Create the Data Flow
This section describes how to create a dataflow to migrate information from one repository to another. In the following example, a GetWeb processor downloads web pages and a PutFileSystem processor inserts them into a folder in the file system.
To create a dataflow to migrate data between repositories
-
Add and configure a connector to retrieve information from the source repository. The connector must generate the
AUTN_MIGRATION_URI
document field (see Supported Connectors). -
Add a processor to copy the value of the
AUTN_MIGRATION_URI
metadata field to a FlowFile attribute namedidol.put.migrationuri
.-
Add a processor, by dragging the processor icon
from the components toolbar to the canvas.
The Add Processor dialog box opens.
-
In the Source list, click idol.nifi.
The list of processors is filtered to show only IDOL NiFi Ingest processors.
-
Select the UpdateAttributeFromMetadata processor and click ADD.
The processor is added to the canvas.
-
Right-click the processor and click Configure.
The Configure Processor dialog box opens.

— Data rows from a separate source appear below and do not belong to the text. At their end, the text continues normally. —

lemma H_upper_scaleR_le:
  assumes "0 < \<kappa>" "v \<noteq> 0" "0 < e" "0 \<le> C"
    and "0 \<le> a ((1/e) *\<^sub>R x)" "a ((1/e) *\<^sub>R x) \<le> A"
    and "mc_term X ((1 / norm v) *\<^sub>R v) \<le> \<kappa> / e * C"
  shows "H_upper a e F x (\<kappa> *\<^sub>R v) X \<le> \<kappa> / e * (A * C + grad a ((1/e) *\<^sub>R x) \<bullet> v + \<bar>F\<bar> * norm v)"
proof -
  have "H_upper a e F x (\<kappa> *\<^sub>R v) X
      = a ((1/e) *\<^sub>R x) * mc_term X ((1 / norm v) *\<^sub>R v) + \<kappa> / e * (grad a ((1/e) *\<^sub>R x) \<bullet> v + F * norm v)"
    using assms(1,2) by (simp add: H_upper_def algebra_simps)
  also have "\<dots> \<le> A * (\<kappa> / e * C) + \<kappa> / e * (grad a ((1/e) *\<^sub>R x) \<bullet> v + \<bar>F\<bar> * norm v)"
  proof (rule add_mono)
    have "0 \<le> \<kappa> / e * C" using assms(1,3,4) by simp
    with assms(5-7) show "a ((1/e) *\<^sub>R x) * mc_term X ((1 / norm v) *\<^sub>R v) \<le> A * (\<kappa> / e * C)"
      by (intro order_trans[OF mult_left_mono mult_right_mono]) auto
    show "\<kappa> / e * (grad a ((1/e) *\<^sub>R x) \<bullet> v + F * norm v) \<le> \<kappa> / e * (grad a ((1/e) *\<^sub>R x) \<bullet> v + \<bar>F\<bar> * norm v)"
      using assms(1,3) by (intro mult_left_mono add_left_mono mult_right_mono) auto
  qed
  finally show ?thesis by (simp add: algebra_simps)
qed

lemma H_upper_uminus: "H_upper a e (- F) x p X = - H_lower a e F x (- p) (- X)"
proof (cases "p = 0")
  case True
  then show ?thesis
    by (simp add: H_upper_def H_lower_def mc_term_uminus Inf_real_def image_image)
next
  case False
  have "(1 / norm (- p)) *\<^sub>R (- p) = - ((1 / norm p) *\<^sub>R p)" by simp
  with False show ?thesis
    by (simp add: H_upper_def H_lower_def mc_term_uminus mc_term_uminus_dir algebra_simps)
qed

lemma visc_super_uminus:
  assumes "visc_super a e F u"
  shows "visc_sub a e (- F) (\<lambda>x t. - u x t)"
  unfolding visc_sub_def
proof (intro allI impI)
  fix \<phi> \<phi>t D\<phi> D2\<phi> x t
  assume h: "test_fn \<phi> \<phi>t D\<phi> D2\<phi> \<and> 0 < t \<and> loc_max_at (\<lambda>y s. - u y s - \<phi> y s) x t"
  then have "loc_min_at (\<lambda>y s. u y s - (- \<phi> y s)) x t"
    unfolding loc_max_at_def loc_min_at_def by (simp add: algebra_simps)
  with h assms test_fn_uminus have "H_lower a e F x (- D\<phi> x t) (- D2\<phi> x t) \<le> - \<phi>t x t"
    unfolding visc_super_def by blast
  then show "\<phi>t x t \<le> H_upper a e (- F) x (D\<phi> x t) (D2\<phi> x t)"
    by (simp add: H_upper_uminus)
qed

lemma loc_max_at_interior_max:
  assumes "open I" "I \<subseteq> D" "x \<in> I" "0 < t" "t < T"
    and "\<And>y s. y \<in> D \<Longrightarrow> 0 \<le> s \<Longrightarrow> s \<le> T \<Longrightarrow> w y s \<le> w x t"
  shows "loc_max_at w x t"
proof -
  obtain r where r: "0 < r" "ball x r \<subseteq> I"
    using assms(1,3) openE by blast
  show ?thesis
    unfolding loc_max_at_def
  proof (intro exI[of _ "min r (min t (T - t))"] conjI allI impI)
    fix y s assume "0 < s \<and> dist y x < min r (min t (T - t)) \<and> \<bar>s - t\<bar> < min r (min t (T - t))"
    then have "y \<in> ball x r" "0 < s" "s < T"
      by (auto simp: dist_commute)
    moreover from this(1) have "y \<in> D"
      using r(2) assms(2) by blast
    ultimately show "w y s \<le> w x t"
      using assms(6) by simp
  qed (use r assms(4,5) in auto)
qed

lemma visc_sub_le_strict_supersolution:
  fixes u \<Psi> :: "real^2 \<Rightarrow> real \<Rightarrow> real"
  assumes sub: "visc_sub a e F u"
    and cont: "continuous_on (UNIV \<times> {0..}) (\<lambda>z. u (fst z) (snd z))"
    and test: "test_fn \<Psi> \<Psi>t D\<Psi> D2\<Psi>"
    and D: "compact D" and I: "open I" "I \<subseteq> D"
    and strict: "\<And>x t. x \<in> I \<Longrightarrow> 0 < t \<Longrightarrow> t < T \<Longrightarrow> H_upper a e F x (D\<Psi> x t) (D2\<Psi> x t) < \<Psi>t x t"
    and initial: "\<And>x. x \<in> D \<Longrightarrow> u x 0 \<le> \<Psi> x 0"
    and final: "\<And>x. x \<in> D \<Longrightarrow> u x T \<le> \<Psi> x T"
    and lateral: "\<And>x t. x \<in> D \<Longrightarrow> x \<notin> I \<Longrightarrow> 0 \<le> t \<Longrightarrow> t \<le> T \<Longrightarrow> u x t \<le> \<Psi> x t"
    and x: "x \<in> D" and t: "0 \<le> t" "t \<le> T"
  shows "u x t \<le> \<Psi> x t"
proof -
  define h where "h z = u (fst z) (snd z) - \<Psi> (fst z) (snd z)" for z
  have "continuous_on (D \<times> {0..T}) (\<lambda>z. u (fst z) (snd z))"
    by (rule continuous_on_subset[OF cont]) auto
  moreover have "continuous_on (D \<times> {0..T}) (\<lambda>z. \<Psi> (fst z) (snd z))"
    by (rule continuous_on_subset[OF test_fn_continuous_on[OF test]]) auto
  ultimately have "continuous_on (D \<times> {0..T}) h"
    unfolding h_def by (rule continuous_on_diff)
  moreover have "compact (D \<times> {0..T})" "D \<times> {0..T} \<noteq> {}"
    using D x t by (auto intro: compact_Times)
  ultimately obtain z where "z \<in> D \<times> {0..T}" "\<forall>y\<in>D \<times> {0..T}. h y \<le> h z"
    using continuous_attains_sup by blast
  moreover obtain xs ts where "z = (xs, ts)" by (cases z)
  ultimately have max: "(xs, ts) \<in> D \<times> {0..T}" "\<forall>y\<in>D \<times> {0..T}. h y \<le> h (xs, ts)"
    by auto
  have "h (xs, ts) \<le> 0"
  proof (rule ccontr)
    assume pos: "\<not> h (xs, ts) \<le> 0"
    have "xs \<in> D" "0 \<le> ts" "ts \<le> T" using max(1) by auto
    moreover from this pos have "ts \<noteq> 0" "ts \<noteq> T" "xs \<in> I"
      using initial[of xs] final[of xs] lateral[of xs ts] by (auto simp: h_def)
    ultimately have "0 < ts" "ts < T" "xs \<in> I" by auto
    moreover have "u y s - \<Psi> y s \<le> u xs ts - \<Psi> xs ts" if "y \<in> D" "0 \<le> s" "s \<le> T" for y s
      using max(2) that by (auto simp: h_def)
    ultimately have "loc_max_at (\<lambda>y s. u y s - \<Psi> y s) xs ts"
      using I by (intro loc_max_at_interior_max[of I D _ _ T]) auto
    then have "\<Psi>t xs ts \<le> H_upper a e F xs (D\<Psi> xs ts) (D2\<Psi> xs ts)"
      using sub test \<open>0 < ts\<close> unfolding visc_sub_def by blast
    with strict[OF \<open>xs \<in> I\<close> \<open>0 < ts\<close> \<open>ts < T\<close>] show False by simp
  qed
  moreover have "h (x, t) \<le> h (xs, ts)"
    using max(2) x t by auto
  ultimately show ?thesis by (simp add: h_def)
qed

lemma loc_unif_convI:
  assumes "\<And>\<delta>. 0 < \<delta> \<Longrightarrow> \<exists>e0>0. \<forall>e x t. 0 < e \<longrightarrow> e < e0 \<longrightarrow> 0 \<le> t \<longrightarrow> \<bar>u e x t - u0 x\<bar> < \<delta>"
  shows "loc_unif_conv u u0"
  unfolding loc_unif_conv_def
proof (intro allI impI)
  fix Z :: "((real^2) \<times> real) set" and \<delta> :: real
  assume Z: "compact Z \<and> Z \<subseteq> UNIV \<times> {0..}" and "0 < \<delta>"
  obtain e0 where "0 < e0" and e0: "\<forall>e x t. 0 < e \<longrightarrow> e < e0 \<longrightarrow> 0 \<le> t \<longrightarrow> \<bar>u e x t - u0 x\<bar> < \<delta>"
    using assms[OF \<open>0 < \<delta>\<close>] by blast
  show "\<exists>e0>0. \<forall>e. 0 < e \<and> e < e0 \<longrightarrow> (\<forall>z\<in>Z. \<bar>u e (fst z) (snd z) - u0 (fst z)\<bar> < \<delta>)"
  proof (intro exI[of _ e0] conjI allI impI ballI)
    fix e z assume "0 < e \<and> e < e0" "z \<in> Z"
    moreover from this Z have "0 \<le> snd z" by auto
    ultimately show "\<bar>u e (fst z) (snd z) - u0 (fst z)\<bar> < \<delta>" using e0 by blast
  qed (fact \<open>0 < e0\<close>)
qed

section \<open>The coefficient\<close>

definition prof :: "real \<Rightarrow> real" where "prof u = u^2 - 1/2 * u^3"

definition prof_deriv :: "real \<Rightarrow> real" where "prof_deriv u = 2 * u - 3/2 * u^2"

definition prof_deriv2 :: "real \<Rightarrow> real" where "prof_deriv2 u = 2 - 3 * u"

lemma prof_has_real_derivative [derivative_intros]:
  "(f has_real_derivative f') (at x within S) \<Longrightarrow>
    ((\<lambda>x. prof (f x)) has_real_derivative prof_deriv (f x) * f') (at x within S)"
  unfolding prof_def prof_deriv_def by (auto intro!: derivative_eq_intros simp: algebra_simps)

lemma prof_deriv_has_real_derivative [derivative_intros]:
  "(f has_real_derivative f') (at x within S) \<Longrightarrow>
    ((\<lambda>x. prof_deriv (f x)) has_real_derivative prof_deriv2 (f x) * f') (at x within S)"
  unfolding prof_deriv_def prof_deriv2_def by (auto intro!: derivative_eq_intros simp: algebra_simps)

lemma prof_nonneg:
  assumes "\<bar>u\<bar> \<le> 1"
  shows "0 \<le> prof u"
proof -
  have "0 \<le> u^2 * (1 - u/2)" using assms by (simp add: abs_le_iff)
  also have "u^2 * (1 - u/2) = prof u" by (simp add: prof_def algebra_simps power3_eq_cube power2_eq_square)
  finally show ?thesis .
qed

lemma prof_le_half:
  assumes "0 \<le> u" "u \<le> 1"
  shows "prof u \<le> 1/2"
proof -
  have "0 \<le> (1 - u) * (1 + u * (1 - u)) / 2" using assms by simp
  also have "(1 - u) * (1 + u * (1 - u)) / 2 = 1/2 - prof u"
    by (simp add: prof_def field_simps power3_eq_cube power2_eq_square)
  finally show ?thesis by simp
qed

lemma prof_critical_values:
  assumes "\<bar>u\<bar> \<le> 1" "(1 - u^2) * (prof_deriv u)^2 = 0"
  shows "prof u = 0 \<or> prof u = 1/2 \<or> prof u = 3/2"
proof -
  have "1 - u^2 = 0 \<or> prof_deriv u = 0"
    using assms(2) by simp
  moreover have "prof_deriv u = u * (2 - 3/2 * u)"
    by (simp add: prof_deriv_def power2_eq_square algebra_simps)
  ultimately have "u = 1 \<or> u = -1 \<or> u = 0 \<or> u = 4/3"
    by (auto simp: power2_eq_1_iff)
  then show ?thesis using assms(1) by (auto simp: prof_def)
qed

definition wave :: "real \<Rightarrow> real \<Rightarrow> real" where
  "wave \<sigma> t = prof (\<sigma> * cos (pi * t))"

definition wave_deriv :: "real \<Rightarrow> real \<Rightarrow> real" where
  "wave_deriv \<sigma> t = - pi * \<sigma> * prof_deriv (\<sigma> * cos (pi * t)) * sin (pi * t)"

definition wave_deriv2 :: "real \<Rightarrow> real \<Rightarrow> real" where
  "wave_deriv2 \<sigma> t = pi^2 * (\<sigma>^2 * prof_deriv2 (\<sigma> * cos (pi * t)) * sin (pi * t)^2
      - \<sigma> * prof_deriv (\<sigma> * cos (pi * t)) * cos (pi * t))"

lemma wave_has_real_derivative [derivative_intros]:
  "(f has_real_derivative f') (at x within S) \<Longrightarrow>
    ((\<lambda>x. wave \<sigma> (f x)) has_real_derivative wave_deriv \<sigma> (f x) * f') (at x within S)"
  unfolding wave_def wave_deriv_def by (auto intro!: derivative_eq_intros simp: algebra_simps)

lemma wave_deriv_has_real_derivative [derivative_intros]:
  "(f has_real_derivative f') (at x within S) \<Longrightarrow>
    ((\<lambda>x. wave_deriv \<sigma> (f x)) has_real_derivative wave_deriv2 \<sigma> (f x) * f') (at x within S)"
  unfolding wave_deriv_def wave_deriv2_def
  by (auto intro!: derivative_eq_intros simp: algebra_simps power2_eq_square)

lemma continuous_on_wave_deriv2: "continuous_on UNIV (wave_deriv2 \<sigma>)"
  unfolding wave_deriv2_def[abs_def] prof_deriv_def prof_deriv2_def by (intro continuous_intros)

lemma abs_wave_deriv2_le: "\<bar>wave_deriv2 1 t\<bar> \<le> 100"
proof -
  define c where "c = cos (pi * t)"
  define s where "s = sin (pi * t)"
  have c: "\<bar>c\<bar> \<le> 1" and s: "s^2 \<le> 1"
    by (simp_all add: c_def s_def abs_square_le_1)
  have "pi^2 \<le> 10"
    using pi_approx mult_mono[of pi "3.16" pi "3.16"] by (simp add: power2_eq_square)
  moreover have "\<bar>prof_deriv2 c\<bar> \<le> 5" "\<bar>prof_deriv c\<bar> \<le> 4"
  proof -
    have "-1 \<le> c" "c \<le> 1" "0 \<le> c * c" "c * c \<le> 1"
      using c abs_square_le_1[of c] by (auto simp: power2_eq_square)
    then show "\<bar>prof_deriv2 c\<bar> \<le> 5" "\<bar>prof_deriv c\<bar> \<le> 4"
      unfolding prof_deriv_def prof_deriv2_def power2_eq_square abs_le_iff by linarith+
  qed
  ultimately have "\<bar>prof_deriv2 c * s^2\<bar> \<le> 5" "\<bar>prof_deriv c * c\<bar> \<le> 4" "pi^2 \<le> 10"
    using c s mult_mono[of "\<bar>prof_deriv2 c\<bar>" 5 "s^2" 1] mult_mono[of "\<bar>prof_deriv c\<bar>" 4 "\<bar>c\<bar>" 1]
    by (auto simp: abs_mult)
  then have "pi^2 * \<bar>prof_deriv2 c * s^2 - prof_deriv c * c\<bar> \<le> 10 * 9"
    by (intro mult_mono) auto
  then show ?thesis
    by (simp add: wave_deriv2_def c_def[symmetric] s_def[symmetric] abs_mult)
qed

lemma wave_deriv_mult_nonneg:
  assumes "\<sigma> = 1 \<or> \<sigma> = -1"
  shows "0 \<le> wave_deriv \<sigma> t * wave_deriv 1 t"
proof -
  define u where "u = cos (pi * t)"
  have "0 \<le> \<sigma> * prof_deriv (\<sigma> * u) * prof_deriv u"
    using assms
  proof
    assume "\<sigma> = -1"
    have "u^2 \<le> 1" unfolding u_def by (simp add: abs_square_le_1)
    then have "0 \<le> u^2 * (4 - 9/4 * u^2)" by simp
    also have "u^2 * (4 - 9/4 * u^2) = \<sigma> * prof_deriv (\<sigma> * u) * prof_deriv u"
      unfolding \<open>\<sigma> = -1\<close> prof_deriv_def by algebra
    finally show ?thesis .
  qed simp
  then have "0 \<le> (\<sigma> * prof_deriv (\<sigma> * u) * prof_deriv u) * (pi * sin (pi * t))^2"
    by simp
  then show ?thesis
    unfolding wave_deriv_def u_def[symmetric] by (simp add: power2_eq_square algebra_simps)
qed

definition cell_level :: "real^2 \<Rightarrow> real^2 \<Rightarrow> real" where
  "cell_level \<sigma> w = (\<Sum>i\<in>UNIV. wave (\<sigma>$i) (w$i))"

definition cell_level_grad :: "real^2 \<Rightarrow> real^2 \<Rightarrow> real^2" where
  "cell_level_grad \<sigma> w = (\<chi> i. wave_deriv (\<sigma>$i) (w$i))"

- Click the Properties tab.
-
Click
and add a dynamic property:
Property Name Property Value The FlowFile attribute to add or update:
idol.put.migrationuri
An XPath expression, to choose the document metadata field or document metadata field attribute to use to set the value of the FlowFile attribute:
//AUTN_MIGRATION_URI
-
-
Add and configure a connector to insert the information into the destination repository. For information about the connectors that you can use, see Supported Connectors. This example uses a File System Connector, so you would need to add a PutFileSytem processor and set the following dynamic property:
Property Name Example Property Value migration:rootDirectory
Windows:
D:\path\to\migrated_files\
Linux:
/path/to/migrated_files/
-
Connect the processors:
- Connect the success relationship of the
Get*
processor to the UpdateAttributeFromMetadata processor. - Connect the success relationship of the UpdateAttributeFromMetadata processor to the
Put*
processor.
- Connect the success relationship of the
-
You can now start all of the processors in the dataflow. (Go to the Operate palette and click Start
).
The web pages are downloaded and inserted into the file system.